= Beginning of Section =
(* For $\Sigma(p_1,p_2,p_3)$ with $\frac1{p_1}+\frac1{p_2}+\frac1{p_3}<1$ and for $\Sigma(2,3,5)$, the coefficients satisfy $\lambda_0=1$, \[ \lambda_1=-\frac14\Bigl(\phi+P\Bigl(1-\frac1{p_1^2}-\frac1{p_2^2}-\frac1{p_3^2}\Bigr)\Bigr), \] \[ \lambda_2=\frac1{12}\Biggl(\frac{3\phi^2+12\phi-4}8+\frac{3P}4(\phi+2)\Bigl(1-\sum_{j=1}^3\frac1{p_j^2}\Bigr)+\frac{P^2}8\Bigl(2\Bigl(1-\sum_{j=1}^3\frac1{p_j^4}\Bigr)+5\Bigl(1-\sum_{j=1}^3\frac1{p_j^2}\Bigr)^2\Bigr)\Biggr), \] where $\phi=\phi(p_1,p_2,p_3)$.
   Context: $p_1,p_2,p_3$ pairwise coprime positive integers, $P=p_1p_2p_3$, $\phi=3-\frac1P+12(s(p_2p_3,p_1)+s(p_1p_3,p_2)+s(p_1p_2,p_3))$ with Dedekind sums $s(b,a)=\sum_{k=1}^{a-1}((k/a))((kb/a))$. The $\lambda_n$ are the coefficients of the formal power series $\tau_\infty=\sum_n\lambda_n(q-1)^n$ defined by: for $\sum1/p_j<1$, $q^{\phi/4-1/2}(q-1)\tau_\infty=\frac12\sum_{k\ge0}\frac{L(-2k,\chi_{2P}^{(1,1,1)})}{k!}(\frac{\log q}{4P})^k$, and for $\Sigma(2,3,5)$, $q^{121/120}(q-1)\tau_\infty=q^{1/120}+\frac12\sum_{k\ge0}\frac{L(-2k,\chi_{60}^{(1,1,1)})}{k!}(\frac{\log q}{120})^k$. Here $\chi_{2P}^{(1,1,1)}$ is the odd $2P$-periodic function with $\chi(n)=1$ if $n\equiv P(1+\sum_j\varepsilon_j/p_j)\pmod{2P}$ with signs of product $-1$, $-1$ if product $1$, $0$ otherwise ($\chi_{60}^{(1,1,1)}$ is $-1$ on $1,11,19,29$ and $+1$ on $31,41,49,59$ mod $60$); $L(-2k,\chi)=-\frac{(2P)^{2k}}{2k+1}\sum_{j=1}^{2P}\chi(j)B_{2k+1}(j/(2P))$, $B_n$ Bernoulli polynomials. *)

theory Defs
  imports "HOL-Analysis.Analysis" "HOL-Computational_Algebra.Formal_Power_Series"
begin

definition sawtooth :: "real \<Rightarrow> real" where
  "sawtooth x = (if x \<in> \<int> then 0 else x - of_int \<lfloor>x\<rfloor> - 1/2)"

definition dedekind_sum :: "nat \<Rightarrow> nat \<Rightarrow> real" where
  "dedekind_sum b a = (\<Sum>k\<in>{1..<a}. sawtooth (real k / real a) * sawtooth (real (k * b) / real a))"

definition phi_inv :: "nat \<Rightarrow> nat \<Rightarrow> nat \<Rightarrow> real" where
  "phi_inv p1 p2 p3 = 3 - 1 / real (p1 * p2 * p3)
     + 12 * (dedekind_sum (p2 * p3) p1 + dedekind_sum (p1 * p3) p2 + dedekind_sum (p1 * p2) p3)"

text \<open>Bernoulli numbers (convention B_1 = -1/2) and Bernoulli polynomials.\<close>
fun bernoulli_num :: "nat \<Rightarrow> real" where
  "bernoulli_num n = (if n = 0 then 1 else
     - (\<Sum>k\<in>{..<n}. real ((n + 1) choose k) * bernoulli_num k) / real (n + 1))"

definition bernoulli_poly :: "nat \<Rightarrow> real \<Rightarrow> real" where
  "bernoulli_poly n x = (\<Sum>k\<le>n. real (n choose k) * bernoulli_num k * x ^ (n - k))"

text \<open>Residue P(1 + e1/p1 + e2/p2 + e3/p3) (an integer).\<close>
definition chi_res :: "nat \<Rightarrow> nat \<Rightarrow> nat \<Rightarrow> int \<Rightarrow> int \<Rightarrow> int \<Rightarrow> int" where
  "chi_res p1 p2 p3 e1 e2 e3 = int (p1 * p2 * p3) + e1 * int (p2 * p3) + e2 * int (p1 * p3) + e3 * int (p1 * p2)"

definition chi111 :: "nat \<Rightarrow> nat \<Rightarrow> nat \<Rightarrow> int \<Rightarrow> real" where
  "chi111 p1 p2 p3 n =
    (if \<exists>e1\<in>{-1,1}. \<exists>e2\<in>{-1,1}. \<exists>e3\<in>{-1,1}. e1 * e2 * e3 = -1 \<and>
          n mod (2 * int (p1 * p2 * p3)) = chi_res p1 p2 p3 e1 e2 e3 mod (2 * int (p1 * p2 * p3)) then 1
     else if \<exists>e1\<in>{-1,1}. \<exists>e2\<in>{-1,1}. \<exists>e3\<in>{-1,1}. e1 * e2 * e3 = 1 \<and>
          n mod (2 * int (p1 * p2 * p3)) = chi_res p1 p2 p3 e1 e2 e3 mod (2 * int (p1 * p2 * p3)) then -1
     else 0)"
lemma oblique_proj_commute:
  assumes A_sym: "transpose A = A" and G_sym: "transpose G = G"
    and eig: "\<And>l. l \<in> I \<Longrightarrow> \<exists>c. G *v (A *v u l) = c *\<^sub>R u l"
  shows "oblique_proj A u I ** (G ** A) = (G ** A) ** oblique_proj A u I"
proof -
  obtain c where c: "\<And>l. l \<in> I \<Longrightarrow> G *v (A *v u l) = c l *\<^sub>R u l"
    using eig by metis
  have "oblique_proj A u I *v (G *v (A *v x)) = G *v (A *v (oblique_proj A u I *v x))" for x
  proof -
    have "oblique_proj A u I *v (G *v (A *v x)) = (\<Sum>l\<in>I. (c l * ((A *v u l) \<bullet> x)) *\<^sub>R u l)"
      unfolding oblique_proj_mult_vec[OF A_sym]
      by (intro sum.cong refl) (simp add: inner_matrix_vector_mult_symmetric[OF G_sym, of "A *v u _"]
          inner_matrix_vector_mult_symmetric[OF A_sym, of "u _"] c)
    also have "\<dots> = G *v (A *v (oblique_proj A u I *v x))"
      unfolding oblique_proj_mult_vec[OF A_sym]
      by (simp add: matrix_vector_mult_sum matrix_vector_mult_scaleR c mult.commute cong: sum.cong)
    finally show ?thesis .
  qed
  then show ?thesis
    by (simp add: matrix_eq matrix_vector_mul_assoc matrix_mul_assoc)
qed

lemma oblique_proj_commute_Mmat:
  fixes H :: "real^'d^'n" and S :: "real^'n^'n"
  defines "A \<equiv> transpose H ** matrix_inv S ** H"
  assumes S: "spd S" and G\<^sub>0: "psd G\<^sub>0" and eig: "\<And>l. l \<in> I \<Longrightarrow> \<exists>c. G\<^sub>0 *v (A *v u l) = c *\<^sub>R u l"
  shows "oblique_proj A u I ** Mmat H S (Gseq H S G\<^sub>0 i) = Mmat H S (Gseq H S G\<^sub>0 i) ** oblique_proj A u I"
proof -
  let ?G = "Gseq H S G\<^sub>0 i"
  have "psd A" "psd ?G"
    using S G\<^sub>0 by (simp_all add: A_def psd_normal_matrix psd_Gseq)
  moreover have "\<exists>c. ?G *v (A *v u l) = c *\<^sub>R u l" if "l \<in> I" for l
    using eig[OF that] Gseq_eigenvector[OF S G\<^sub>0] by (auto simp: A_def)
  ultimately have "oblique_proj A u I ** (?G ** A) = (?G ** A) ** oblique_proj A u I"
    by (intro oblique_proj_commute) (auto simp: psd_def)
  then show ?thesis
    using invertible_update[OF \<open>psd ?G\<close> \<open>psd A\<close>] by (simp add: Mmat_eq A_def update_inverse_commute)
qed

lemma complementary_projections:
  fixes P Q M :: "'a::ring_1^'n^'n"
  assumes "P ** P = P" "Q ** Q = Q" "P ** Q = 0" "Q ** P = 0"
    and "P ** M = M ** P" "Q ** M = M ** Q"
  defines "N \<equiv> mat 1 - P - Q"
  shows "N ** M = M ** N" "N ** N = N" "P ** N = 0" "N ** P = 0" "Q ** N = 0" "N ** Q = 0"
    and "P + Q + N = mat 1"
  using assms by (simp_all add: matrix_diff_ldistrib matrix_diff_rdistrib)

lemma spectral_basis_vector:
  fixes H :: "real^'d^'n" and S :: "real^'n^'n" and G :: "real^'d^'d"
    and w :: "nat \<Rightarrow> real^'n" and \<delta> :: "nat \<Rightarrow> real" and r l :: nat
  defines "A \<equiv> transpose H ** matrix_inv S ** H"
  defines "u \<equiv> \<lambda>l. if l < r then (1 / \<delta> l) *\<^sub>R ((G ** transpose H) *v w l)
                  else (pinv A ** transpose H ** matrix_inv S) *v (S *v w l)"
  assumes S: "spd S" and G: "psd G"
    and eig: "(H ** G ** transpose H) *v w l = \<delta> l *\<^sub>R (S *v w l)"
    and ran: "w l \<in> range (\<lambda>x. (matrix_inv S ** H) *v x)"
    and pos: "l < r \<Longrightarrow> \<delta> l \<noteq> 0" and zero: "r \<le> l \<Longrightarrow> \<delta> l = 0"
  shows "H *v u l = S *v w l" "\<exists>c. G *v (A *v u l) = c *\<^sub>R u l"
proof -
  have "H *v u l = S *v w l \<and> (\<exists>c. G *v (transpose H *v w l) = c *\<^sub>R u l)"
  proof (cases "l < r")
    case True
    then have "G *v (transpose H *v w l) = \<delta> l *\<^sub>R u l"
      using pos by (simp add: u_def matrix_vector_mul_assoc)
    moreover have "H *v u l = S *v w l"
      using True pos eig by (simp add: u_def matrix_vector_mult_scaleR matrix_vector_mul_assoc matrix_mul_assoc)
    ultimately show ?thesis
      by blast
  next
    case False
    have "(transpose H *v w l) \<bullet> (G *v (transpose H *v w l)) = w l \<bullet> ((H ** G ** transpose H) *v w l)"
      by (simp add: inner_matrix_vector_mult[of "w l" H] matrix_vector_mul_assoc[symmetric])
    then have "G *v (transpose H *v w l) = 0 *\<^sub>R u l"
      using psd_kernel[OF G] eig zero False by simp
    moreover have "H *v u l = S *v w l"
      using False weighted_pinv_solves_consistent[OF S ran] by (simp add: u_def A_def)
    ultimately show ?thesis
      by blast
  qed
  then have Hu: "H *v u l = S *v w l" and "\<exists>c. G *v (transpose H *v w l) = c *\<^sub>R u l"
    by blast+
  moreover have "A *v u l = transpose H *v w l"
    using normal_equation[OF S Hu] by (simp add: A_def)
  ultimately show "H *v u l = S *v w l" "\<exists>c. G *v (A *v u l) = c *\<^sub>R u l"
    by simp_all
qed

theorem proposition4p10:
  fixes H :: "real^'d^'n" and Sig :: "real^'n^'n"
    and J :: nat and v :: "nat \<Rightarrow> real^'d"
    and w :: "nat \<Rightarrow> real^'n" and \<delta> :: "nat \<Rightarrow> nat \<Rightarrow> real"
    and h r :: nat
  defines "G \<equiv> Gseq H Sig (emp_cov J v)"
  defines "C \<equiv> (\<lambda>i. H ** G i ** transpose H)"
  defines "Hp \<equiv> pinv (transpose H ** matrix_inv Sig ** H) ** transpose H ** matrix_inv Sig"
  defines "u \<equiv> (\<lambda>l. if l < r then (1 / \<delta> l 0) *\<^sub>R ((G 0 ** transpose H) *v w l)
                     else Hp *v (Sig *v w l))"
  defines "A \<equiv> transpose H ** matrix_inv Sig ** H"
  defines "P \<equiv> (\<Sum>l<r. outer (u l) (u l)) ** A"
  defines "Q \<equiv> (\<Sum>l\<in>{r..<h}. outer (u l) (u l)) ** A"
  defines "N \<equiv> mat 1 - P - Q"
  assumes rankH: "rank H = h"
    and Sig_spd: "spd Sig"
    and J2: "J \<ge> 2"
    and orth: "\<And>k l. k < CARD('n) \<Longrightarrow> l < CARD('n) \<Longrightarrow>
                 w k \<bullet> (Sig *v w l) = (if k = l then 1 else 0)"
    and eig: "\<And>i l. l < CARD('n) \<Longrightarrow> C i *v w l = \<delta> l i *\<^sub>R (Sig *v w l)"
    and r_le_h: "r \<le> h" and h_le_n: "h \<le> CARD('n)"
    and ran: "\<And>l. l < h \<Longrightarrow> w l \<in> range (\<lambda>x. (matrix_inv Sig ** H) *v x)"
    and pos: "\<And>l. l < r \<Longrightarrow> \<delta> l 0 > 0"
    and zero: "\<And>l. r \<le> l \<Longrightarrow> l < h \<Longrightarrow> \<delta> l 0 = 0"
    and ker: "\<And>l. h \<le> l \<Longrightarrow> l < CARD('n) \<Longrightarrow> transpose H *v w l = 0"
    and r_def: "r = card {l. l < CARD('n) \<and> \<delta> l 0 > 0}"
  shows "\<forall>i. let M = Mmat H Sig (G i) in
           P ** M = M ** P \<and> Q ** M = M ** Q \<and> N ** M = M ** N \<and>
           P ** P = P \<and> Q ** Q = Q \<and> N ** N = N \<and>
           P ** Q = 0 \<and> Q ** P = 0 \<and> P ** N = 0 \<and> N ** P = 0 \<and>
           Q ** N = 0 \<and> N ** Q = 0 \<and>
           P + Q + N = mat 1"
proof -
  have A_sym: "transpose A = A"
    using psd_normal_matrix[OF Sig_spd, of H] unfolding A_def psd_def by blast
  have G0_psd: "psd (G 0)"
    by (simp add: G_def psd_emp_cov)
  have basis: "H *v u l = Sig *v w l" "\<exists>c. G 0 *v (A *v u l) = c *\<^sub>R u l" if "l < h" for l
  proof -
    have "(H ** G 0 ** transpose H) *v w l = \<delta> l 0 *\<^sub>R (Sig *v w l)"
      using eig[of l 0] that h_le_n by (simp add: C_def)
    moreover have "\<delta> l 0 \<noteq> 0" if "l < r"
      using pos[OF that] by simp
    ultimately show "H *v u l = Sig *v w l" "\<exists>c. G 0 *v (A *v u l) = c *\<^sub>R u l"
      using spectral_basis_vector[where H = H and S = Sig and G = "G 0" and \<delta> = "\<lambda>l. \<delta> l 0" and r = r
          and w = w and l = l, OF Sig_spd G0_psd _ ran[OF that]] zero[OF _ that]
      unfolding u_def Hp_def A_def by blast+
  qed
  have biorth: "(A *v u k) \<bullet> u l = (if k = l then 1 else 0)" if "k < h" "l < h" for k l
    using normal_equation[OF Sig_spd basis(1)[OF that(1)]] basis(1)[OF that(2)] orth[of k l] that h_le_n
    by (simp add: A_def inner_matrix_vector_mult[of "w k" H, symmetric])
  have PQ_def: "P = oblique_proj A u {..<r}" "Q = oblique_proj A u {r..<h}"
    by (simp_all add: P_def Q_def oblique_proj_def)
  have proj: "P ** P = P" "Q ** Q = Q" "P ** Q = 0" "Q ** P = 0"
    unfolding PQ_def using A_sym biorth r_le_h
    by (auto intro!: oblique_proj_idempotent oblique_proj_disjoint)
  have M_commute: "P ** Mmat H Sig (G i) = Mmat H Sig (G i) ** P"
    "Q ** Mmat H Sig (G i) = Mmat H Sig (G i) ** Q" for i
    unfolding PQ_def G_def A_def using basis(2) r_le_h
    by (auto simp: G_def A_def intro!: oblique_proj_commute_Mmat[OF Sig_spd psd_emp_cov])
  show ?thesis
    using proj M_commute complementary_projections[OF proj M_commute] unfolding Let_def N_def by blast
qed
= End of Section =
→ **Task details**
Start with the line above that contains "P ** Q = 0 \<and>" and stop after the line that contains "by (auto simp: G_def". Output those lines exactly, and only those.

→ **Written answer**
           P ** Q = 0 \<and> Q ** P = 0 \<and> P ** N = 0 \<and> N ** P = 0 \<and>
           Q ** N = 0 \<and> N ** Q = 0 \<and>
           P + Q + N = mat 1"
proof -
  have A_sym: "transpose A = A"
    using psd_normal_matrix[OF Sig_spd, of H] unfolding A_def psd_def by blast
  have G0_psd: "psd (G 0)"
    by (simp add: G_def psd_emp_cov)
  have basis: "H *v u l = Sig *v w l" "\<exists>c. G 0 *v (A *v u l) = c *\<^sub>R u l" if "l < h" for l
  proof -
    have "(H ** G 0 ** transpose H) *v w l = \<delta> l 0 *\<^sub>R (Sig *v w l)"
      using eig[of l 0] that h_le_n by (simp add: C_def)
    moreover have "\<delta> l 0 \<noteq> 0" if "l < r"
      using pos[OF that] by simp
    ultimately show "H *v u l = Sig *v w l" "\<exists>c. G 0 *v (A *v u l) = c *\<^sub>R u l"
      using spectral_basis_vector[where H = H and S = Sig and G = "G 0" and \<delta> = "\<lambda>l. \<delta> l 0" and r = r
          and w = w and l = l, OF Sig_spd G0_psd _ ran[OF that]] zero[OF _ that]
      unfolding u_def Hp_def A_def by blast+
  qed
  have biorth: "(A *v u k) \<bullet> u l = (if k = l then 1 else 0)" if "k < h" "l < h" for k l
    using normal_equation[OF Sig_spd basis(1)[OF that(1)]] basis(1)[OF that(2)] orth[of k l] that h_le_n
    by (simp add: A_def inner_matrix_vector_mult[of "w k" H, symmetric])
  have PQ_def: "P = oblique_proj A u {..<r}" "Q = oblique_proj A u {r..<h}"
    by (simp_all add: P_def Q_def oblique_proj_def)
  have proj: "P ** P = P" "Q ** Q = Q" "P ** Q = 0" "Q ** P = 0"
    unfolding PQ_def using A_sym biorth r_le_h
    by (auto intro!: oblique_proj_idempotent oblique_proj_disjoint)
  have M_commute: "P ** Mmat H Sig (G i) = Mmat H Sig (G i) ** P"
    "Q ** Mmat H Sig (G i) = Mmat H Sig (G i) ** Q" for i
    unfolding PQ_def G_def A_def using basis(2) r_le_h
    by (auto simp: G_def A_def intro!: oblique_proj_commute_Mmat[OF Sig_spd psd_emp_cov])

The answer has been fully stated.